Rejection Recovery · Primly Community

how to keep applying after getting rejected from your dream company

newgrad_neil · 4 replies

i finally got to final round at the company i'd been targeting since sophomore year. five rounds, a take-home, the whole thing. i prepped for like three weeks straight. then the email came on a tuesday afternoon and it just said "we've decided to move forward with other candidates at this time."

i know that's not the end of the world. i know this rationally. but it knocked me sideways in a way regular rejections don't, because i had built that job up into something it was never going to be. like it was going to solve everything.

spent two days barely touching applications. just kind of staring at my laptop.

what actually helped me start moving again:

separating the company from the fantasy. i realized i had a mental image of my life-with-this-job that was completely fictional. the job was a real thing, but my version of it was not. once i acknowledged that, the loss felt smaller.

giving myself exactly 48 hours. not indefinite rest, but a defined container. i was going to feel bad until thursday, and then thursday i was going to open one application. just one.

not catastrophizing the signal. i did not bomb the interviews. i did fine by most measures. they probably just had an internal candidate or someone with a very specific experience i didn't have. final round rejections are not the same as "you're not good enough, ever."

still hard though. week 14 of searching now, class of 2025. if anyone else is in that place where you built up one role into the whole narrative, i see you.
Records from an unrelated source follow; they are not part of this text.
definition hamiltonian :: "(real \<Rightarrow> real^'n^'n) \<Rightarrow> (real \<Rightarrow> real^'m^'n) \<Rightarrow> (real \<Rightarrow> real^'l^'n)
    \<Rightarrow> (real^'m) set \<Rightarrow> (real^'l) set \<Rightarrow> real \<Rightarrow> real^'n \<Rightarrow> real^'n \<Rightarrow> real" where
  "hamiltonian A B E U D t x p =
     (SUP u\<in>U. INF d\<in>D. (- p) \<bullet> (A t *v x + B t *v u + E t *v d))"

text \<open>Subdifferential D^- f(t0,x0): liminf of the difference quotient is >= 0 (written out).\<close>
definition subdiff :: "(real \<Rightarrow> 'a::real_inner \<Rightarrow> real) \<Rightarrow> real \<Rightarrow> 'a \<Rightarrow> (real \<times> 'a) set" where
  "subdiff f t0 x0 = {(q, p). \<forall>\<epsilon>>0. \<exists>\<delta>>0. \<forall>t x.
      0 < norm ((t, x) - (t0, x0)) \<and> norm ((t, x) - (t0, x0)) < \<delta> \<longrightarrow>
      f t x - f t0 x0 - (q * (t - t0) + p \<bullet> (x - x0)) \<ge> - \<epsilon> * norm ((t, x) - (t0, x0))}"

definition visc_supersolution :: "real \<Rightarrow> (real \<Rightarrow> 'a::real_inner \<Rightarrow> 'a \<Rightarrow> real) \<Rightarrow> (real \<Rightarrow> 'a \<Rightarrow> real) \<Rightarrow> bool" where
  "visc_supersolution T H f \<longleftrightarrow>
     (\<forall>t0 x0 q p. 0 < t0 \<and> t0 < T \<and> (q, p) \<in> subdiff f t0 x0 \<longrightarrow> - q + H t0 x0 p \<ge> 0)"

end

theory Submission
  imports Defs
begin

text \<open>
  Every term \<open>Lg * dist_k + \<gamma> k\<close> of the minimum is continuous, because the state-transition
  matrix \<open>Phi T t\<close> and the reference trajectories \<open>\<xi> i k t\<close> depend continuously on \<open>t\<close>.

  For the supersolution property at \<open>(t0, x0)\<close>, pick an index \<open>k\<close> attaining the minimum and a
  point \<open>y0 = \<Sum>i. u i *\<^sub>R \<xi> i k t0\<close> of the convex hull nearest to \<open>x0\<close> in the metric of
  \<open>Phi T t0\<close>. Then \<open>x s = (\<Sum>i. u i *\<^sub>R \<xi> i k s) + Phi s t0 *v (x0 - y0)\<close> solves
  \<open>x' = A x + w\<close> with the convexified control \<open>w = \<Sum>i. u i *\<^sub>R \<omega> i k\<close>, which still takes
  values in the convex sets \<open>W s\<close>, and \<open>Phi T s *v (x s - y s)\<close> stays constant, so \<open>v\<close> does not
  increase along \<open>x\<close>. Testing a subgradient \<open>(q, p)\<close> along \<open>x\<close> gives
  \<open>q \<le> -p \<bullet> (A x0 + w s) + o(1)\<close> for \<open>s \<down> t0\<close>. Finally every \<open>w \<in> W s\<close> satisfies
  \<open>-p \<bullet> w \<le> max\<^sub>u min\<^sub>d -p \<bullet> (B s u + E s d)\<close> (play \<open>u\<close> against the worst \<open>d\<close>), and continuity
  of \<open>B\<close> and \<open>E\<close> turns this into \<open>q \<le> H(t0, x0, p)\<close>.
\<close>

section \<open>Linear matrix ODEs and the state-transition matrix\<close>

lemma norm_matrix_vector_mult_le: "norm ((M::real^'n^'m) *v x) \<le> norm M * norm x"
proof -
  have "(norm (M *v x))\<^sup>2 = (\<Sum>i\<in>UNIV. (M$i \<bullet> x)\<^sup>2)"
    by (simp add: norm_vec_def L2_set_def sum_nonneg matrix_vector_mult_def inner_vec_def mult.commute)
  also have "\<dots> \<le> (\<Sum>i\<in>UNIV. (norm (M$i))\<^sup>2 * (norm x)\<^sup>2)"
    by (intro sum_mono) (metis Cauchy_Schwarz_ineq2 abs_ge_zero power2_abs power_mono power_mult_distrib)
  also have "\<dots> = (norm M * norm x)\<^sup>2"
    by (simp add: norm_vec_def L2_set_def sum_nonneg power_mult_distrib sum_distrib_right)
  finally show ?thesis
    by (meson mult_nonneg_nonneg norm_ge_zero power2_le_imp_le)
qed

lemma bounded_bilinear_matrix_vector_mult [bounded_bilinear]:
  "bounded_bilinear (\<lambda>(M::real^'n^'m) x. M *v x)"
proof
  show "\<exists>K. \<forall>(M::real^'n^'m) x. norm (M *v x) \<le> norm M * norm x * K"
    using norm_matrix_vector_mult_le by (metis mult.right_neutral)
qed (simp_all add: algebra_simps matrix_vector_mult_def vec_eq_iff sum_distrib_left sum.distrib)

lemma bilinear_matrix_mult: "bilinear ((**) :: real^'n^'m \<Rightarrow> real^'k^'n \<Rightarrow> _)"
  by (auto simp: bilinear_def matrix_matrix_mult_def vec_eq_iff algebra_simps sum.distrib sum_distrib_left
      intro!: linearI)

lemma bounded_bilinear_matrix_mult [bounded_bilinear]:
  "bounded_bilinear ((**) :: real^'n^'m \<Rightarrow> real^'k^'n \<Rightarrow> _)"
  using bilinear_matrix_mult bilinear_conv_bounded_bilinear by blast

lemma linear_growth_zero_near:
  fixes Z :: "real \<Rightarrow> 'a::real_normed_vector"
  assumes Z': "\<And>s. s \<in> {a..b} \<Longrightarrow> (Z has_vector_derivative Z' s) (at s within {a..b})"
    and growth: "\<And>s. s \<in> {a..b} \<Longrightarrow> norm (Z' s) \<le> L * norm (Z s)" and L: "L > 0"
    and s0: "s0 \<in> {a..b}" "Z s0 = 0" and r: "r \<in> {a..b}" "dist r s0 \<le> 1 / (2 * L)"
  shows "Z r = 0"
proof -
  define J where "J = {a..b} \<inter> cball s0 (1 / (2 * L))"
  have J: "compact J" "convex J" "s0 \<in> J" "r \<in> J" "J \<subseteq> {a..b}"
    using s0 r L by (auto simp: J_def dist_commute compact_Int_closed convex_Int)
  have "continuous_on J Z"
    using Z' J(5) by (meson continuous_on_eq_continuous_within has_vector_derivative_continuous
        has_vector_derivative_within_subset subsetD)
  then obtain s1 where s1: "s1 \<in> J" "\<And>r'. r' \<in> J \<Longrightarrow> norm (Z r') \<le> norm (Z s1)"
    using continuous_attains_sup[OF J(1) _ continuous_on_norm] J(3) by blast
  \<comment> \<open>On \<open>J\<close> we get \<open>|Z| \<le> L * max |Z| * 1 / (2 * L)\<close>, which forces \<open>max |Z| = 0\<close>.\<close>
  have "norm (Z r' - Z s0) \<le> L * norm (Z s1) * norm (r' - s0)" if "r' \<in> J" for r'
  proof (rule differentiable_bound[OF J(2) _ _ that J(3)])
    show "(Z has_derivative (\<lambda>h. h *\<^sub>R Z' x)) (at x within J)" if "x \<in> J" for x
      using Z'[of x] that J(5) has_vector_derivative_within_subset
      unfolding has_vector_derivative_def by blast
    show "onorm (\<lambda>h. h *\<^sub>R Z' x) \<le> L * norm (Z s1)" if "x \<in> J" for x
      using onorm_scaleR_left[OF bounded_linear_ident, of "Z' x"] onorm_id[where 'a=real]
        order_trans[OF growth mult_left_mono[OF s1(2)]] that J(5) L by auto
  qed
  then have "norm (Z r') \<le> norm (Z s1) / 2" if "r' \<in> J" for r'
    using that order_trans[OF _ mult_left_mono[of "norm (r' - s0)" "1 / (2 * L)"]] s0(2) L
    by (fastforce simp: J_def dist_norm norm_minus_commute)
  then have "norm (Z s1) = 0"
    using s1(1) by fastforce
  then show ?thesis
    using s1(2)[OF J(4)] by simp
qed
what helped you get back on track after a rejection you really felt?

4 replies

returner_ren

the 48-hour container thing is real. open-ended "I'll rest until I feel better" is a trap because you never get a clear signal that you feel better. putting a time box on it gives you permission to feel bad AND a clear re-entry point. used this during a really bad stretch last year.

brand_ben

yeah exactly. the ambiguity was part of what made it worse. i didn't know if i was recovering or just avoiding. the deadline made it feel like recovery.

pm_priya

the "I had a fantasy version of this job" framing hit me. i've done this too. built an entire imagined future on a role that hadn't offered itself. when you lose the rejection and the fantasy at once, it's double the grief. naming the fantasy helps you grieve the right-sized thing.

ux_uma

from the other side: final round rejections are genuinely often about a specific constraint that has nothing to do with you. someone's internal candidate got approved at the last minute. a headcount got frozen. the team went a different direction on the role scope. you rarely get the real reason, which i know doesn't make it hurt less, but the signal is much noisier than candidates realize.